# [Assignment]
From the line containing "proof (rule CauchyI)" down to the line containing "unfolding d_def using" in the records below, reproduce every line exactly, ends included, and omit all others.

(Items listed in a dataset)
[Start of Attachment]
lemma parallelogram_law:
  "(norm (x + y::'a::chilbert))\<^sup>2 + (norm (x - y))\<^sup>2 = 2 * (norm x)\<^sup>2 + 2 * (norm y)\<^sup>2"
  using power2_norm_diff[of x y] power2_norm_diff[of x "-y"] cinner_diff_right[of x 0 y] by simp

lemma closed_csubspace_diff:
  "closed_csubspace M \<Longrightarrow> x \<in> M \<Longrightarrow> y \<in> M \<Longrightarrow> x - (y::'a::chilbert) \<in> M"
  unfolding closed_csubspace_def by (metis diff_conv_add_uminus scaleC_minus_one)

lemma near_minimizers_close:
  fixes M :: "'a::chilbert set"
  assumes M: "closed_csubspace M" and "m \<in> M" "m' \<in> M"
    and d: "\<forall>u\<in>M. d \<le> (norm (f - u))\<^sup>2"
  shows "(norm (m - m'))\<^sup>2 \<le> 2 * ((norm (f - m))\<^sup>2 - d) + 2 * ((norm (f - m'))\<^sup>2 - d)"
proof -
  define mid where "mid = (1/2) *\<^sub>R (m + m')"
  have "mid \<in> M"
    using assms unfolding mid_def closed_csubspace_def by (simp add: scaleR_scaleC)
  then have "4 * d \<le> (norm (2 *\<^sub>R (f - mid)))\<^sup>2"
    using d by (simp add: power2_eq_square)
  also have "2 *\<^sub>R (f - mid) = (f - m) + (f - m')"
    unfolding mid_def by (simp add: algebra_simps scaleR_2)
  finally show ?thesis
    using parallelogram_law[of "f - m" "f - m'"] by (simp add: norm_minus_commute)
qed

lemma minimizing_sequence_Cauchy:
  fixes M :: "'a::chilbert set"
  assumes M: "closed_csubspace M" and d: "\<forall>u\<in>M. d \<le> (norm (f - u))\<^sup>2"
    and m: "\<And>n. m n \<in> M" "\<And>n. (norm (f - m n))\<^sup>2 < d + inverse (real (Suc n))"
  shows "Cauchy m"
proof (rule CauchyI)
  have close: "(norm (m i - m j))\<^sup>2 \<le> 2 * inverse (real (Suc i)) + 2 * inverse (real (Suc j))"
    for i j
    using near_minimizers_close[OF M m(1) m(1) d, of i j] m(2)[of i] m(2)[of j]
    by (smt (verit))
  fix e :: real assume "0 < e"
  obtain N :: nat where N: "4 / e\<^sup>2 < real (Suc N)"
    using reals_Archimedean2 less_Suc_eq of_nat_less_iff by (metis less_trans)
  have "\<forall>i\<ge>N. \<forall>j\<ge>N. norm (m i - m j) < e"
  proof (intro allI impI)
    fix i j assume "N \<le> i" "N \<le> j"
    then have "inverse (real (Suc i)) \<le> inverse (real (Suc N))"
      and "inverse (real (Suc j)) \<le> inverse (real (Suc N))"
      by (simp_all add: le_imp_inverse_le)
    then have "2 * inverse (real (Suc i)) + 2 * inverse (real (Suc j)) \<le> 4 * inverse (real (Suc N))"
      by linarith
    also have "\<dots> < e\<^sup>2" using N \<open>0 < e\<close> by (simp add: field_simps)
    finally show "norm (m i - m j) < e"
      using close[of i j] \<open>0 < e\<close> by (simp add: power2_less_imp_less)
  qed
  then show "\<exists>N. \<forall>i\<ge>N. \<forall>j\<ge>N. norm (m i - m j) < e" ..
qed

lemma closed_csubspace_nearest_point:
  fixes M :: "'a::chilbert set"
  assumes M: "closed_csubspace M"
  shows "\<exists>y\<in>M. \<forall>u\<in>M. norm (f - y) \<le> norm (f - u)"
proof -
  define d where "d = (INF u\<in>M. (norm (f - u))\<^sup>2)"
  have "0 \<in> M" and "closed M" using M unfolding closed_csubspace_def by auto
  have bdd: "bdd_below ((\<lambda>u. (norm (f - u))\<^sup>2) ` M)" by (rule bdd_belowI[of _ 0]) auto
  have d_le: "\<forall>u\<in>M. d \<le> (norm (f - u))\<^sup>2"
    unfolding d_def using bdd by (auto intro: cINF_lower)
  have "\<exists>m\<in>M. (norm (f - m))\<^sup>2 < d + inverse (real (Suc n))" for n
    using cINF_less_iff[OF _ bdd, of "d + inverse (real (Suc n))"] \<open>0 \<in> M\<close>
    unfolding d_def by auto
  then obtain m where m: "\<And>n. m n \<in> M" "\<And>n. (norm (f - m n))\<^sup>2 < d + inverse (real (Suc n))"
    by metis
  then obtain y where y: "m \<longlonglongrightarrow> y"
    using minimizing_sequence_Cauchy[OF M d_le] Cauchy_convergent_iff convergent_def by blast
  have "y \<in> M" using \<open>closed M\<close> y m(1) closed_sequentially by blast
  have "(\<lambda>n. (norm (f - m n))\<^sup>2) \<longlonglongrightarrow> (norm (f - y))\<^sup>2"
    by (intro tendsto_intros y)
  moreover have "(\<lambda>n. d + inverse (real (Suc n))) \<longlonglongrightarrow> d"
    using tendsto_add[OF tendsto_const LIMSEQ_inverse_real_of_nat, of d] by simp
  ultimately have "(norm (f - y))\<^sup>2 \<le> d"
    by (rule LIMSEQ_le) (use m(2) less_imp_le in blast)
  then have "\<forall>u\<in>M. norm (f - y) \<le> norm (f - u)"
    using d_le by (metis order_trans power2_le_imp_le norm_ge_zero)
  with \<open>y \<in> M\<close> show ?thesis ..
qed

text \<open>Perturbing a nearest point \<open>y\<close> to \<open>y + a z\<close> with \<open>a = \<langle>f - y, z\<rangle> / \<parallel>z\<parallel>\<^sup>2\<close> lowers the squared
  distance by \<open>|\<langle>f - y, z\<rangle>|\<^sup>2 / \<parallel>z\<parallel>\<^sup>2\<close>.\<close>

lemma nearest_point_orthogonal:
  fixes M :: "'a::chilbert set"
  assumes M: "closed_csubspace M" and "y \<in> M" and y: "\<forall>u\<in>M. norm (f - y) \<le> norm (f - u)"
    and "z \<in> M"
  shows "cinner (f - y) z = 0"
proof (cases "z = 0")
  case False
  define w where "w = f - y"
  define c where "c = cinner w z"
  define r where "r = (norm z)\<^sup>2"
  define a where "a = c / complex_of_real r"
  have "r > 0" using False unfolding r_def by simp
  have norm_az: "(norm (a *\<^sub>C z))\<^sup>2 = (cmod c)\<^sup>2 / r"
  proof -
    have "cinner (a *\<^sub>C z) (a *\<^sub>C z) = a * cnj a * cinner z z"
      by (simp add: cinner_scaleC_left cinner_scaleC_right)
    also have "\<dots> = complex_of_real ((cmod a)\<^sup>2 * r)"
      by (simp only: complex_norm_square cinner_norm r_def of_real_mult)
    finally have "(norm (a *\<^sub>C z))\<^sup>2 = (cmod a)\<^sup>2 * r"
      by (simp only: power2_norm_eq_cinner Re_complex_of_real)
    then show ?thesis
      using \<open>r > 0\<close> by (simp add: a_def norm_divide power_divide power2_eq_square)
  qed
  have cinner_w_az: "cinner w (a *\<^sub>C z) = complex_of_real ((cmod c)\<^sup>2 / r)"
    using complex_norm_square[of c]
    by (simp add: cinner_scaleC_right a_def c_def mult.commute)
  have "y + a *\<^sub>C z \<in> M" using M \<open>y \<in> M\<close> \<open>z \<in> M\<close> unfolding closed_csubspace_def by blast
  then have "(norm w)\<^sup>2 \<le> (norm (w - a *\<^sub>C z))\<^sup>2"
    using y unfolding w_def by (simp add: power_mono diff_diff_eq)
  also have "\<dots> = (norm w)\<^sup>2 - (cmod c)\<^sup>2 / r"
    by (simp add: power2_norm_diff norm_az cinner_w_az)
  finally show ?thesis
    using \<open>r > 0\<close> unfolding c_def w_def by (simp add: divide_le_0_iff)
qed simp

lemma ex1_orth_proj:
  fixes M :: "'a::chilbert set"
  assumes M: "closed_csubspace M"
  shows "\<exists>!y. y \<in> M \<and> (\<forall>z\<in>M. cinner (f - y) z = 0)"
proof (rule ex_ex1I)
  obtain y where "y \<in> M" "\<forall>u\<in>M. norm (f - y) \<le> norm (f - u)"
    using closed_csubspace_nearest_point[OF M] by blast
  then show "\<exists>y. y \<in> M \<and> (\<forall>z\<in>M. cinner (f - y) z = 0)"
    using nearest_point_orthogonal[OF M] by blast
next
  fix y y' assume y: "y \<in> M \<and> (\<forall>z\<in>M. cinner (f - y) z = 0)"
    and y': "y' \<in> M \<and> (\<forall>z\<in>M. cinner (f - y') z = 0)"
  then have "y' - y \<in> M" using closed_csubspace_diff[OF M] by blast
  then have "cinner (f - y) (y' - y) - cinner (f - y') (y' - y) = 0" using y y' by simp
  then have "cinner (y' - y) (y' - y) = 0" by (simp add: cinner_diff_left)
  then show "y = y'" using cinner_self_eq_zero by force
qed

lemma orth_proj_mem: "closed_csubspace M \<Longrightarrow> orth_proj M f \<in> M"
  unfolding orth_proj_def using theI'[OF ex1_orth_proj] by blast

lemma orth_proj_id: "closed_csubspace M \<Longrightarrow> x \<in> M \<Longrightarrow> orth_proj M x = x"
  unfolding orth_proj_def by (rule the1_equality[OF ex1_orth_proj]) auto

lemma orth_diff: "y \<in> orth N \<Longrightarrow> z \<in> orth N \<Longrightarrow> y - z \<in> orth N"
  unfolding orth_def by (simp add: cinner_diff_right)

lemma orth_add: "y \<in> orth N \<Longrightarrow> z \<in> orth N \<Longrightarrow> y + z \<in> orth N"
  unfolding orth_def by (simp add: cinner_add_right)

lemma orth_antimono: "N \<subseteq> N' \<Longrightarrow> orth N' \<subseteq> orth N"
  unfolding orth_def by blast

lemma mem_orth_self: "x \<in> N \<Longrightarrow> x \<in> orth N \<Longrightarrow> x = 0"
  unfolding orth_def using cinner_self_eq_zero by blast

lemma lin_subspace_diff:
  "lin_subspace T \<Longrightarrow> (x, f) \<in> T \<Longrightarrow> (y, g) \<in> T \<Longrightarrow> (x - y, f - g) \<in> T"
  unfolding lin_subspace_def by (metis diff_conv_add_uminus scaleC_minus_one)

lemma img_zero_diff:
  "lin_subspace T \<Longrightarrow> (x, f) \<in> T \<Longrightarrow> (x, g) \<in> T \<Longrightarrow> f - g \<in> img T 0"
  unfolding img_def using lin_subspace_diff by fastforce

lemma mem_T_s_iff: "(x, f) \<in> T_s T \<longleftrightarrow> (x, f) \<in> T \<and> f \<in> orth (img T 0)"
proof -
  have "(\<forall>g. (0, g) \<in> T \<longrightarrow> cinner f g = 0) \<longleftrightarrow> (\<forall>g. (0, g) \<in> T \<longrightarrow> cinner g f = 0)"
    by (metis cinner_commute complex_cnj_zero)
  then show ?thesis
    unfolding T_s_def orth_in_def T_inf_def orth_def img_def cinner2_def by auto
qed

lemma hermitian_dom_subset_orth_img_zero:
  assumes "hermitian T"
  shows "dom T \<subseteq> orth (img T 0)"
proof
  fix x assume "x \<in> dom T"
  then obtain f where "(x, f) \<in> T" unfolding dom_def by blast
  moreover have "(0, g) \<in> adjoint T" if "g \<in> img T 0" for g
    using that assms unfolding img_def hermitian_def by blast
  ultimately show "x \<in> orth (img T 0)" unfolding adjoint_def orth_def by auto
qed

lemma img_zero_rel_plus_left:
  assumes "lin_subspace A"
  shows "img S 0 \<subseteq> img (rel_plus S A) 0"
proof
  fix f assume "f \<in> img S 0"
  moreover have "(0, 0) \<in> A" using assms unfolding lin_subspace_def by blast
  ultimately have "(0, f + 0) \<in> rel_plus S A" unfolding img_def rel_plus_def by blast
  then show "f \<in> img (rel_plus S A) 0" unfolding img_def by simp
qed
[End of Attachment]
# [Exercise output]
proof (rule CauchyI)
  have close: "(norm (m i - m j))\<^sup>2 \<le> 2 * inverse (real (Suc i)) + 2 * inverse (real (Suc j))"
    for i j
    using near_minimizers_close[OF M m(1) m(1) d, of i j] m(2)[of i] m(2)[of j]
    by (smt (verit))
  fix e :: real assume "0 < e"
  obtain N :: nat where N: "4 / e\<^sup>2 < real (Suc N)"
    using reals_Archimedean2 less_Suc_eq of_nat_less_iff by (metis less_trans)
  have "\<forall>i\<ge>N. \<forall>j\<ge>N. norm (m i - m j) < e"
  proof (intro allI impI)
    fix i j assume "N \<le> i" "N \<le> j"
    then have "inverse (real (Suc i)) \<le> inverse (real (Suc N))"
      and "inverse (real (Suc j)) \<le> inverse (real (Suc N))"
      by (simp_all add: le_imp_inverse_le)
    then have "2 * inverse (real (Suc i)) + 2 * inverse (real (Suc j)) \<le> 4 * inverse (real (Suc N))"
      by linarith
    also have "\<dots> < e\<^sup>2" using N \<open>0 < e\<close> by (simp add: field_simps)
    finally show "norm (m i - m j) < e"
      using close[of i j] \<open>0 < e\<close> by (simp add: power2_less_imp_less)
  qed
  then show "\<exists>N. \<forall>i\<ge>N. \<forall>j\<ge>N. norm (m i - m j) < e" ..
qed

lemma closed_csubspace_nearest_point:
  fixes M :: "'a::chilbert set"
  assumes M: "closed_csubspace M"
  shows "\<exists>y\<in>M. \<forall>u\<in>M. norm (f - y) \<le> norm (f - u)"
proof -
  define d where "d = (INF u\<in>M. (norm (f - u))\<^sup>2)"
  have "0 \<in> M" and "closed M" using M unfolding closed_csubspace_def by auto
  have bdd: "bdd_below ((\<lambda>u. (norm (f - u))\<^sup>2) ` M)" by (rule bdd_belowI[of _ 0]) auto
  have d_le: "\<forall>u\<in>M. d \<le> (norm (f - u))\<^sup>2"
    unfolding d_def using bdd by (auto intro: cINF_lower)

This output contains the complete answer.